A. The "controller" (ID-O-MATTIC-II) would remain connected to the repeater as is, providing everything works in plain ol' carrier squelch.
B. The "controller" has the inherent ability to, if programmed to NOT be courteous, superimpose (simultaneously) the CW ID or other valid CW message underneath the unsquelched receiver audio.
C. If the "controller" is programmed to be courteous, it waits the time allotted after the receiver becomes squelched.
D. B and C hold true even when the receiver audio is intercepted by a properly connected (between the receiver and "controller" and programmed TD-5 tone decoder providing the audio to the "controller." When a TD-5 is used, no receiver audio is to be directly connected to the "controller" or repeater.
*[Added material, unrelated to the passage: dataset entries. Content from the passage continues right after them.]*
(* Let $t=(k_1,\dots,k_l)$ be a parameter tuple of length $l\in\mathbb{N}$, let $m\in\mathbb{N}_0$ and $s\in\mathbb{R}$ with $s>1$. Then $$\mathrm{vdW}_{m+l}(\underbrace{2,\dots,2}_{m},k_1,\dots,k_l)\le\max\big(s\cdot m+1,\ \mathrm{cr}_{\mathrm{ap}}(t,1-\tfrac1s)\big).$$
   Context: A parameter tuple is a non-decreasing tuple $(k_1,\dots,k_r)$ of integers $k_i\ge2$. An arithmetic progression of size $k$ in $\mathbb{N}$ is a $k$-element set $P\subset\mathbb{N}$ such that, in natural order, consecutive elements always have the same distance (for $k>1$: sets $\{a+id: i=0,\dots,k-1\}$ with $a,d\in\mathbb{N}$). For a parameter tuple $(k_1,\dots,k_r)$, the van der Waerden number $\mathrm{vdW}_r(k_1,\dots,k_r)$ is the smallest $n_0\in\mathbb{N}$ such that for every $n\ge n_0$ and every $f:\{1,\dots,n\}\to\{1,\dots,r\}$ there is $i$ such that $f^{-1}(i)$ contains an arithmetic progression of size $k_i$. Let $\mathrm{ap}(k,n)$ be the hypergraph with vertex set $\{1,\dots,n\}$ whose hyperedges are the arithmetic progressions of size $k$ in $\{1,\dots,n\}$. For $q>0$, $\mathrm{cr}_{\mathrm{ap}}(t,q)\in\mathbb{N}\cup\{+\infty\}$ is the infimum of all $n\in\mathbb{N}$ such that for all $n'\ge n$ and all pairwise disjoint $S_1,\dots,S_l\subseteq\{1,\dots,n'\}$ with $S_i$ containing no arithmetic progression of size $k_i$, we have $\frac{|S_1|+\dots+|S_l|}{n'}<q$ (infimum of the empty set is $+\infty$). *)

theory Defs
  imports Complex_Main "HOL-Library.Extended_Real"
begin

definition param_tuple :: "nat list \<Rightarrow> bool" where
  "param_tuple ks \<longleftrightarrow> sorted ks \<and> (\<forall>k\<in>set ks. k \<ge> 2)"

definition is_ap :: "nat \<Rightarrow> nat set \<Rightarrow> bool" where
  "is_ap k P \<longleftrightarrow> card P = k \<and> (\<exists>a d. d \<ge> 1 \<and> P = {a + i * d | i. i < k})"

definition has_ap :: "nat \<Rightarrow> nat set \<Rightarrow> bool" where
  "has_ap k S \<longleftrightarrow> (\<exists>P. P \<subseteq> S \<and> is_ap k P)"

text \<open>Van der Waerden number for the parameter tuple ks (colour i, 1-based, gets ks!(i-1)).
  Infimum in enat; it is infinite iff no such n0 exists.\<close>
definition vdW :: "nat list \<Rightarrow> enat" where
  "vdW ks = Inf (enat ` {n0. \<forall>n\<ge>n0. \<forall>f :: nat \<Rightarrow> nat. f ` {1..n} \<subseteq> {1..length ks} \<longrightarrow>
      (\<exists>i\<in>{1..length ks}. has_ap (ks ! (i - 1)) ({x\<in>{1..n}. f x = i}))})"

definition cr_ap :: "nat list \<Rightarrow> real \<Rightarrow> enat" where
  "cr_ap t q = Inf (enat ` {n. n \<ge> 1 \<and> (\<forall>n'\<ge>n. \<forall>S :: nat \<Rightarrow> nat set.
      ((\<forall>i<length t. S i \<subseteq> {1..n'} \<and> \<not> has_ap (t ! i) (S i)) \<and>
       (\<forall>i<length t. \<forall>j<length t. i \<noteq> j \<longrightarrow> S i \<inter> S j = {}))
      \<longrightarrow> real (\<Sum>i<length t. card (S i)) / real n' < q)})"

end

theory Submission
  imports Defs
begin

text \<open>Suppose \<open>n \<ge> max (s m + 1, cr_ap(t, 1 - 1/s))\<close> and colour \<open>{1..n}\<close> with the \<open>m + l\<close>
  colours avoiding every forbidden progression. Each of the first \<open>m\<close> colour classes contains
  no two elements, so together they cover at most \<open>m\<close> points; the remaining \<open>l\<close> classes are
  disjoint and free of progressions of sizes \<open>k\<^sub>1, \<dots>, k\<^sub>l\<close>, so by the choice of
  \<open>cr_ap\<close> they cover fewer than \<open>(1 - 1/s) n\<close> points. Hence \<open>n < m + (1 - 1/s) n\<close>,
  i.e. \<open>n < s m\<close>, a contradiction.\<close>

lemma has_ap_2I:
  assumes "a \<in> S" "b \<in> S" "a < b"
  shows "has_ap 2 S"
proof -
  have "is_ap 2 {a, b}"
    unfolding is_ap_def
  proof (intro conjI exI)
    show "card {a, b} = 2" and "1 \<le> b - a"
      using \<open>a < b\<close> by auto
    show "{a, b} = {a + i * (b - a) | i. i < 2}"
      using \<open>a < b\<close> by (auto simp: less_2_cases_iff intro: exI[of _ "Suc 0"])
  qed
  moreover have "{a, b} \<subseteq> S"
    using assms by simp
  ultimately show ?thesis
    unfolding has_ap_def by (intro exI[of _ "{a, b}"] conjI)
qed

lemma card_le_1_if_not_has_ap_2:
  assumes "finite S" "\<not> has_ap 2 S"
  shows "card S \<le> 1"
proof -
  have "\<forall>a\<in>S. \<forall>b\<in>S. a = b"
    using assms(2) has_ap_2I linorder_neqE_nat by metis
  then show ?thesis
    using card_le_Suc0_iff_eq[OF \<open>finite S\<close>] by simp
qed

lemma card_eq_sum_card_colour_classes:
  fixes f :: "nat \<Rightarrow> nat"
  assumes "f ` A \<subseteq> C" "finite A" "finite C"
  shows "card A = (\<Sum>i\<in>C. card {x\<in>A. f x = i})"
proof -
  have "A = (\<Union>i\<in>C. {x\<in>A. f x = i})"
    using assms(1) by auto
  also have "card \<dots> = (\<Sum>i\<in>C. card {x\<in>A. f x = i})"
    using assms(2,3) by (intro card_UN_disjoint) auto
  finally show ?thesis .
qed

lemma mem_of_Inf_image_enat_eq:
  assumes "Inf (enat ` C) = enat c"
  shows "c \<in> C"
proof -
  have "enat ` C \<noteq> {}"
    using assms by (auto simp: top_enat_def)
  then have "Inf (enat ` C) \<in> enat ` C"
    by (meson ex_in_conv wellorder_InfI)
  with assms show ?thesis
    by auto
qed

lemma cr_ap_density_bound:
  assumes "cr_ap t q = enat c" "c \<le> n"
    and "\<forall>i<length t. S i \<subseteq> {1..n} \<and> \<not> has_ap (t ! i) (S i)"
    and "\<forall>i<length t. \<forall>j<length t. i \<noteq> j \<longrightarrow> S i \<inter> S j = {}"
  shows "real (\<Sum>i<length t. card (S i)) < q * real n"
proof -
  have "c \<ge> 1 \<and> (\<forall>n'\<ge>c. \<forall>S :: nat \<Rightarrow> nat set.
      ((\<forall>i<length t. S i \<subseteq> {1..n'} \<and> \<not> has_ap (t ! i) (S i)) \<and>
       (\<forall>i<length t. \<forall>j<length t. i \<noteq> j \<longrightarrow> S i \<inter> S j = {}))
      \<longrightarrow> real (\<Sum>i<length t. card (S i)) / real n' < q)"
    using mem_of_Inf_image_enat_eq[OF assms(1)[unfolded cr_ap_def]] by (rule CollectD)
  then have "real (\<Sum>i<length t. card (S i)) / real n < q" and "n \<ge> 1"
    using assms(2-4) by (fastforce dest: spec[of _ n] spec[of _ S])+
  then show ?thesis
    by (simp add: divide_less_eq)
qed

lemma vdW_le_enat:
  assumes "\<And>n f. N \<le> n \<Longrightarrow> f ` {1..n} \<subseteq> {1..length ks} \<Longrightarrow>
    \<exists>i\<in>{1..length ks}. has_ap (ks ! (i - 1)) {x\<in>{1..n}. f x = i}"
  shows "vdW ks \<le> enat N"
  unfolding vdW_def using assms by (intro Inf_lower imageI) blast

lemma colouring_has_forbidden_ap:
  fixes f :: "nat \<Rightarrow> nat"
  assumes cr: "cr_ap t (1 - 1 / s) = enat c" and "s > 0" "c \<le> n" "s * real m < real n"
    and f: "f ` {1..n} \<subseteq> {1..m + length t}"
  shows "\<exists>i\<in>{1..m + length t}. has_ap ((replicate m 2 @ t) ! (i - 1)) {x\<in>{1..n}. f x = i}"
proof (rule ccontr)
  let ?ks = "replicate m 2 @ t"
  define A where "A i = {x\<in>{1..n}. f x = i}" for i
  assume "\<not> ?thesis"
  then have no_ap: "\<not> has_ap (?ks ! (i - 1)) (A i)" if "i \<in> {1..m + length t}" for i
    using that unfolding A_def by blast
  have "n = (\<Sum>i\<in>{1..m + length t}. card (A i))"
    using card_eq_sum_card_colour_classes[OF f] unfolding A_def by simp
  also have "\<dots> = (\<Sum>i\<in>{1..m}. card (A i)) + (\<Sum>i<length t. card (A (m + 1 + i)))"
  proof -
    have "(\<Sum>i\<in>{m + 1..m + length t}. card (A i)) = (\<Sum>i<length t. card (A (m + 1 + i)))"
      by (rule sum.reindex_bij_witness[where i="\<lambda>i. m + 1 + i" and j="\<lambda>i. i - (m + 1)"]) auto
    then show ?thesis
      using sum.ub_add_nat[of 1 m "\<lambda>i. card (A i)" "length t"] by simp
  qed
  finally have n_split: "n = (\<Sum>i\<in>{1..m}. card (A i)) + (\<Sum>i<length t. card (A (m + 1 + i)))" .
  have "card (A i) \<le> 1" if "i \<in> {1..m}" for i
  proof (rule card_le_1_if_not_has_ap_2)
    show "finite (A i)"
      by (simp add: A_def)
    have "?ks ! (i - 1) = 2"
      using that by (auto simp: nth_append)
    then show "\<not> has_ap 2 (A i)"
      using no_ap[of i] that by simp
  qed
  then have "(\<Sum>i\<in>{1..m}. card (A i)) \<le> m"
    using sum_mono[of "{1..m}" "\<lambda>i. card (A i)" "\<lambda>_. 1"] by simp
  moreover have "real (\<Sum>i<length t. card (A (m + 1 + i))) < (1 - 1 / s) * real n"
    using cr \<open>c \<le> n\<close>
  proof (rule cr_ap_density_bound)
    show "\<forall>i<length t. A (m + 1 + i) \<subseteq> {1..n} \<and> \<not> has_ap (t ! i) (A (m + 1 + i))"
    proof (intro allI impI conjI)
      fix i
      assume "i < length t"
      show "A (m + 1 + i) \<subseteq> {1..n}"
        by (auto simp: A_def)
      have "?ks ! (m + 1 + i - 1) = t ! i"
        by (simp add: nth_append)
      then show "\<not> has_ap (t ! i) (A (m + 1 + i))"
        using no_ap[of "m + 1 + i"] \<open>i < length t\<close> by simp
    qed
    show "\<forall>i<length t. \<forall>j<length t. i \<noteq> j \<longrightarrow> A (m + 1 + i) \<inter> A (m + 1 + j) = {}"
      by (auto simp: A_def)
  qed
  ultimately have "real n < real m + (1 - 1 / s) * real n"
    using n_split by linarith
  then have "real n < s * real m"
    using \<open>s > 0\<close> by (simp add: field_simps)
  with \<open>s * real m < real n\<close> show False
    by linarith
qed

theorem corollary1:
  fixes t :: "nat list" and m :: nat and s :: real
  assumes "param_tuple t" and "length t \<ge> 1" and "s > 1"
  shows "ereal_of_enat (vdW (replicate m 2 @ t))
           \<le> max (ereal (s * real m + 1)) (ereal_of_enat (cr_ap t (1 - 1 / s)))"
proof (cases "cr_ap t (1 - 1 / s)")
  case (enat c)
  define N where "N = max (nat \<lfloor>s * real m\<rfloor> + 1) c"
  have sm_bounds: "s * real m < real (nat \<lfloor>s * real m\<rfloor> + 1)" "real (nat \<lfloor>s * real m\<rfloor> + 1) \<le> s * real m + 1"
    using \<open>s > 1\<close> by (simp_all, linarith+)
  have "vdW (replicate m 2 @ t) \<le> enat N"
  proof (rule vdW_le_enat)
    fix n and f :: "nat \<Rightarrow> nat"
    assume "N \<le> n" "f ` {1..n} \<subseteq> {1..length (replicate m 2 @ t)}"
    then show "\<exists>i\<in>{1..length (replicate m 2 @ t)}.
        has_ap ((replicate m 2 @ t) ! (i - 1)) {x\<in>{1..n}. f x = i}"
      using colouring_has_forbidden_ap[OF enat] \<open>s > 1\<close> sm_bounds unfolding N_def by auto
  qed
  then have "ereal_of_enat (vdW (replicate m 2 @ t)) \<le> ereal (real N)"
    by (metis ereal_of_enat_le_iff ereal_of_enat_simps(1))
  also have "\<dots> \<le> max (ereal (s * real m + 1)) (ereal (real c))"
    using sm_bounds unfolding N_def by (auto simp: max_def)
  finally show ?thesis
    using enat by simp
qed simp

end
E. In effect the receiver "wakes up" the TD-5 to determine if the receiver audio has the correct/incorrect/no tone. If the receiver audio has the correct tone within parameters, the TD-5 then "wakes up" the "controller" to "wake up" the repeater to start repeating the audio with CW ID's at the timed intervals.
F. The TD-5 and the "controller" automatically go to "sleep," except the "controller's" hang time with or without the CW ID, when the receiver becomes squelched.
G. In essentially real-time, the system then awaits the next unsquelched receiver situation to restart the "if-then" determination and resulting actions/inactions.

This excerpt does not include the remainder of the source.